Unlike SOAP itself, which is defined in terms of XML Infosets [XML InfoSet], this feature models message envelopes using the XQuery 1.0 and XPath 2.0 Data Model [XML Query Data Model], which is a typed superset of the Infoset. This feature uses type information only for optimization purposes; it does not provide for reconstruction of type information at receivers, except as necessary to support optimization. Nonetheless, use of the Data Model in this specification facilitates optimized transmission of query results through SOAP, and should provide a useful foundation if, for example, digital signature canonicalizations were to be developed for Data Model instances. Use of the Data Model here should also facilitate the work of those who may wish to develop features to provide for optimized transmission of the full typed Data Model: the changes needed to this specification should be straightforward, and the optimizations provided herein should be easy to generalize for such use.
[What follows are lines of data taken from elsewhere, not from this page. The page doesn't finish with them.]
lemma parity_count_toggle:
  assumes "finite F" "u \<in> F"
  shows "parity_count F P Q p q = parity_count F P Q (p \<noteq> (u \<in> P)) (q \<noteq> (u \<in> Q))"
proof -
  let ?X = "\<lambda>p q. {y \<in> Pow F. even (card (y \<inter> P)) = p \<and> even (card (y \<inter> Q)) = q}"
  have "toggle u y \<in> ?X (p \<noteq> (u \<in> P)) (q \<noteq> (u \<in> Q))" if "y \<in> ?X p q" for y p q
  proof -
    have "finite y" using that assms(1) finite_subset by auto
    moreover have "toggle u y \<subseteq> F" using that assms(2) by (auto simp: toggle_def)
    ultimately show ?thesis using that by (simp add: even_card_toggle_Int)
  qed
  then have image_toggle: "toggle u ` ?X p q \<subseteq> ?X (p \<noteq> (u \<in> P)) (q \<noteq> (u \<in> Q))" for p q
    by blast
  have "((p \<noteq> (u \<in> P)) \<noteq> (u \<in> P)) = p" "((q \<noteq> (u \<in> Q)) \<noteq> (u \<in> Q)) = q" by auto
  then have "bij_betw (toggle u) (?X p q) (?X (p \<noteq> (u \<in> P)) (q \<noteq> (u \<in> Q)))"
    using image_toggle[of p q] image_toggle[of "p \<noteq> (u \<in> P)" "q \<noteq> (u \<in> Q)"]
    by (intro bij_betw_byWitness[where f' = "toggle u"]) simp_all
  then show ?thesis unfolding parity_count_def by (rule bij_betw_same_card)
qed

lemma sum_parity_count:
  assumes "finite F"
  shows "parity_count F P Q True True + parity_count F P Q True False
    + parity_count F P Q False True + parity_count F P Q False False = 2 ^ card F"
proof -
  let ?X = "\<lambda>(p, q). {y \<in> Pow F. even (card (y \<inter> P)) = p \<and> even (card (y \<inter> Q)) = q}"
  have "Pow F = (\<Union>pq\<in>UNIV. ?X pq)" by auto
  also have "card \<dots> = (\<Sum>pq\<in>UNIV. card (?X pq))"
    using assms by (intro card_UN_disjoint) auto
  finally show ?thesis
    using assms by (simp add: card_Pow parity_count_def UNIV_bool flip: UNIV_Times_UNIV)
qed

lemma parity_count_eq_True_True:
  assumes "finite F" "u \<in> F" "u \<in> P" "u \<notin> Q" "v \<in> F" "v \<in> Q"
  shows "parity_count F P Q p q = parity_count F P Q True True"
proof -
  have flip_p: "parity_count F P Q p' q' = parity_count F P Q (\<not> p') q'" for p' q'
    using parity_count_toggle[OF assms(1,2), of P Q p' q'] assms(3,4) by simp
  have flip_q: "parity_count F P Q p' q' = parity_count F P Q (p' \<noteq> (v \<in> P)) (\<not> q')" for p' q'
    using parity_count_toggle[OF assms(1,5), of P Q p' q'] assms(6) by simp
  have q_True: "parity_count F P Q p' True = parity_count F P Q True True" for p'
    using flip_p[of p' True] by (cases p') auto
  show ?thesis
    using q_True[of p] q_True[of "p \<noteq> (v \<in> P)"] flip_q[of p False] by (cases q) simp_all
qed

lemma parity_count_uniform:
  assumes "finite F" "F \<inter> P \<noteq> {}" "F \<inter> Q \<noteq> {}" "F \<inter> P \<noteq> F \<inter> Q"
  shows "4 * parity_count F P Q p q = 2 ^ card F"
proof -
  have all_eq: "parity_count F P Q p' q' = parity_count F P Q True True" for p' q'
  proof (cases "\<exists>u\<in>F. u \<in> P \<and> u \<notin> Q")
    case True
    then show ?thesis using assms(3) parity_count_eq_True_True[OF assms(1)] by blast
  next
    case False
    then obtain u v where "u \<in> F" "u \<in> Q" "u \<notin> P" "v \<in> F" "v \<in> P" using assms(2,4) by blast
    then show ?thesis
      using parity_count_eq_True_True[OF assms(1)] parity_count_swap[of F P Q] by metis
  qed
  show ?thesis
    using all_eq[of p q] all_eq[of True False] all_eq[of False True] all_eq[of False False]
      sum_parity_count[OF assms(1), of P Q] by linarith
qed

section \<open>The construction\<close>

definition even_parity_set :: "nat \<Rightarrow> nat set \<Rightarrow> nat set \<Rightarrow> nat set set" where
  "even_parity_set n P Q = {x \<in> hypercube n. even (card (x \<inter> P)) \<and> even (card (x \<inter> Q))}"

lemma even_card_Un_Int:
  assumes "finite a" "finite y" "a \<inter> y = {}"
  shows "even (card ((a \<union> y) \<inter> P)) \<longleftrightarrow> (even (card (y \<inter> P)) \<longleftrightarrow> even (card (a \<inter> P)))"
proof -
  have "card ((a \<union> y) \<inter> P) = card (a \<inter> P) + card (y \<inter> P)"
    using assms by (subst card_Un_disjoint[symmetric]) (auto simp: Int_Un_distrib2)
  then show ?thesis by auto
qed

lemma card_even_parity_set_Int_subcube:
  assumes F: "F \<subseteq> {..<n}" and a: "a \<subseteq> {..<n} - F"
    and PQ: "F \<inter> P \<noteq> {}" "F \<inter> Q \<noteq> {}" "F \<inter> P \<noteq> F \<inter> Q"
  shows "4 * card (even_parity_set n P Q \<inter> subcube n F a) = 2 ^ card F"
proof -
  have "finite F" using F by (rule finite_subset) simp
  have "finite a" using a by (rule finite_subset) simp
  let ?p = "even (card (a \<inter> P))" and ?q = "even (card (a \<inter> Q))"
  let ?X = "{y \<in> Pow F. even (card (y \<inter> P)) = ?p \<and> even (card (y \<inter> Q)) = ?q}"
  have "even_parity_set n P Q \<inter> subcube n F a = (\<union>) a ` ?X"
  proof -
    have "a \<union> y \<in> even_parity_set n P Q \<longleftrightarrow> even (card (y \<inter> P)) = ?p \<and> even (card (y \<inter> Q)) = ?q"
      if "y \<subseteq> F" for y
    proof -
      have "finite y" using that \<open>finite F\<close> by (rule finite_subset)
      moreover have "a \<inter> y = {}" "a \<union> y \<subseteq> {..<n}" using that F a by auto
      ultimately show ?thesis
        using even_card_Un_Int[OF \<open>finite a\<close>] unfolding even_parity_set_def hypercube_def by simp
    qed
    then show ?thesis unfolding subcube_eq_image_Pow[OF F a] by auto
  qed
  moreover have "inj_on ((\<union>) a) ?X" using a by (auto intro!: inj_onI)
  ultimately have "card (even_parity_set n P Q \<inter> subcube n F a) = parity_count F P Q ?p ?q"
    unfolding parity_count_def by (simp add: card_image)
  then show ?thesis using parity_count_uniform[OF \<open>finite F\<close> PQ] by simp
qed

lemma card_subcubes_with_free_sets:
  assumes "G \<subseteq> {F. F \<subseteq> {..<n} \<and> card F = d}"
  shows "card ((\<lambda>(F, a). subcube n F a) ` (SIGMA F:G. Pow ({..<n} - F))) = card G * 2 ^ (n - d)"
proof -
  have "inj_on (\<lambda>(F, a). subcube n F a) (SIGMA F:G. Pow ({..<n} - F))"
  proof (rule inj_onI, clarify)
    fix F a F' a'
    assume "F \<in> G" "a \<subseteq> {..<n} - F" "F' \<in> G" "a' \<subseteq> {..<n} - F'"
      and "subcube n F a = subcube n F' a'"
    then show "F = F' \<and> a = a'" using assms subcube_eq_imp_eq[of F n a F' a'] by blast
  qed
  moreover have "finite G" using assms by (rule finite_subset) auto
  moreover have "card (Pow ({..<n} - F)) = 2 ^ (n - d)" if "F \<in> G" for F
    using that assms by (auto simp: card_Pow card_Diff_subset finite_subset)
  ultimately show ?thesis by (simp add: card_image)
qed

lemma mixed_residues_separate:
  fixes F :: "nat set"
  assumes "\<forall>c. \<exists>j\<in>F. j mod 3 \<noteq> c"
  defines "P \<equiv> {j. j mod 3 \<noteq> 1}" and "Q \<equiv> {j. j mod 3 \<noteq> 0}"
  shows "F \<inter> P \<noteq> {}" "F \<inter> Q \<noteq> {}" "F \<inter> P \<noteq> F \<inter> Q"
proof -
  obtain j0 where "j0 \<in> F" "j0 mod 3 \<noteq> 0" using assms(1) by blast
  obtain j1 where "j1 \<in> F" "j1 mod 3 \<noteq> 1" using assms(1) by blast
  obtain j2 where "j2 \<in> F" "j2 mod 3 \<noteq> 2" using assms(1) by blast
  have "j2 mod 3 = 0 \<or> j2 mod 3 = 1" using \<open>j2 mod 3 \<noteq> 2\<close> by linarith
  then have "(j2 \<in> F \<inter> P) \<noteq> (j2 \<in> F \<inter> Q)" using \<open>j2 \<in> F\<close> unfolding P_def Q_def by auto
  then show "F \<inter> P \<noteq> F \<inter> Q" by blast
  show "F \<inter> P \<noteq> {}" using \<open>j1 \<in> F\<close> \<open>j1 mod 3 \<noteq> 1\<close> unfolding P_def by blast
  show "F \<inter> Q \<noteq> {}" using \<open>j0 \<in> F\<close> \<open>j0 mod 3 \<noteq> 0\<close> unfolding Q_def by blast
qed

lemma card_residue_class:
  assumes "c < 3"
  shows "card {j. j < 3 * m \<and> j mod 3 = c} = m"
proof -
  have "{j. j < 3 * m \<and> j mod 3 = c} = (\<lambda>k. 3 * k + c) ` {..<m}"
  proof (intro equalityI subsetI)
    fix j assume "j \<in> {j. j < 3 * m \<and> j mod 3 = c}"
    then have "j = 3 * (j div 3) + c" "j div 3 < m" by auto
    then show "j \<in> (\<lambda>k. 3 * k + c) ` {..<m}" by (metis imageI lessThan_iff)
  qed (use assms in auto)
  moreover have "inj_on (\<lambda>k. 3 * k + c) {..<m}" by (rule inj_onI) simp
  ultimately show ?thesis by (simp add: card_image)
qed

lemma card_mixed_subsets_ge:
  "(3 * m choose d) - 3 * (m choose d)
    \<le> card {F. F \<subseteq> {..<3 * m} \<and> card F = d \<and> (\<forall>c. \<exists>j\<in>F. j mod 3 \<noteq> c)}"
proof -
  let ?class = "\<lambda>c. {j. j < 3 * m \<and> j mod 3 = c}"
  define All where "All = {F. F \<subseteq> {..<3 * m} \<and> card F = d}"
  define Mono where "Mono = (\<Union>c<3. {F. F \<subseteq> ?class c \<and> card F = d})"
  have "finite (?class c)" for c by simp
  then have "card Mono \<le> (\<Sum>c<3. card {F. F \<subseteq> ?class c \<and> card F = d})"
    unfolding Mono_def by (intro card_UN_le) simp
  also have "\<dots> = 3 * (m choose d)"
    using \<open>finite (?class _)\<close> by (simp add: n_subsets card_residue_class)
  finally have "card Mono \<le> 3 * (m choose d)" .
  moreover have "card All = 3 * m choose d" unfolding All_def by (simp add: n_subsets)
  moreover have "finite Mono" unfolding Mono_def using \<open>finite (?class _)\<close> by simp
  then have "card All - card Mono \<le> card (All - Mono)" by (rule diff_card_le_card_Diff)
  moreover have "\<exists>j\<in>F. j mod 3 \<noteq> c" if F: "F \<in> All" "F \<notin> Mono" for F c
  proof (cases "c < 3")
    case True
    then have "\<not> F \<subseteq> ?class c" using that unfolding All_def Mono_def by blast
    then show ?thesis using that(1) unfolding All_def by auto
  next
    case False
    have "{} \<in> Mono" if "{} \<in> All" using that unfolding All_def Mono_def by (intro UN_I[of 0]) auto
    then obtain j where "j \<in> F" using F by (metis ex_in_conv)
    moreover have "j mod 3 < 3" by simp
    ultimately show ?thesis using False by auto
  qed
  then have "All - Mono \<subseteq> {F. F \<subseteq> {..<3 * m} \<and> card F = d \<and> (\<forall>c. \<exists>j\<in>F. j mod 3 \<noteq> c)}"
    unfolding All_def by blast
  then have "card (All - Mono)
      \<le> card {F. F \<subseteq> {..<3 * m} \<and> card F = d \<and> (\<forall>c. \<exists>j\<in>F. j mod 3 \<noteq> c)}"
    by (rule card_mono[rotated]) auto
  ultimately show ?thesis by linarith
qed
The usage of the Abstract Transmission Optimization Feature is a hop-by-hop contract between a SOAP node and the next SOAP node in the SOAP message path, providing no mandatory convention for optimization of SOAP transmission through intermediaries. The feature does provide optional means by which binding implementations MAY choose to facilitate the efficient pass-through of optimized data contained within headers or bodies relayed by an intermediary (see 2.3.4 Binding Optimizations at Intermediaries). Additional specifications might also be written to provide for other optimized multi-hop capabilities, perhaps building on the mechanisms provided herein.

The second part (3. An Optimized MIME Multipart Serialization of SOAP Messages) describes an Optimized MIME Multipart Serialization of SOAP Messages implementing the Abstract Transmission Optimization Feature in a binding independent way. This implementation relies on the [XOP] format.

The third part (4. HTTP Transmission Optimization Feature) uses this Optimized MIME Multipart Serialization of SOAP Messages for describing an implementation of the Abstract Transmission Optimization Feature for the SOAP 1.2 HTTP binding (see [SOAP Part 2] 7. SOAP HTTP Binding).

I find the string typing implicit in this model to be seriously broken. It loses information (i.e. it's a lossy compression format) and makes too many assumptions about what content is and is not relevant.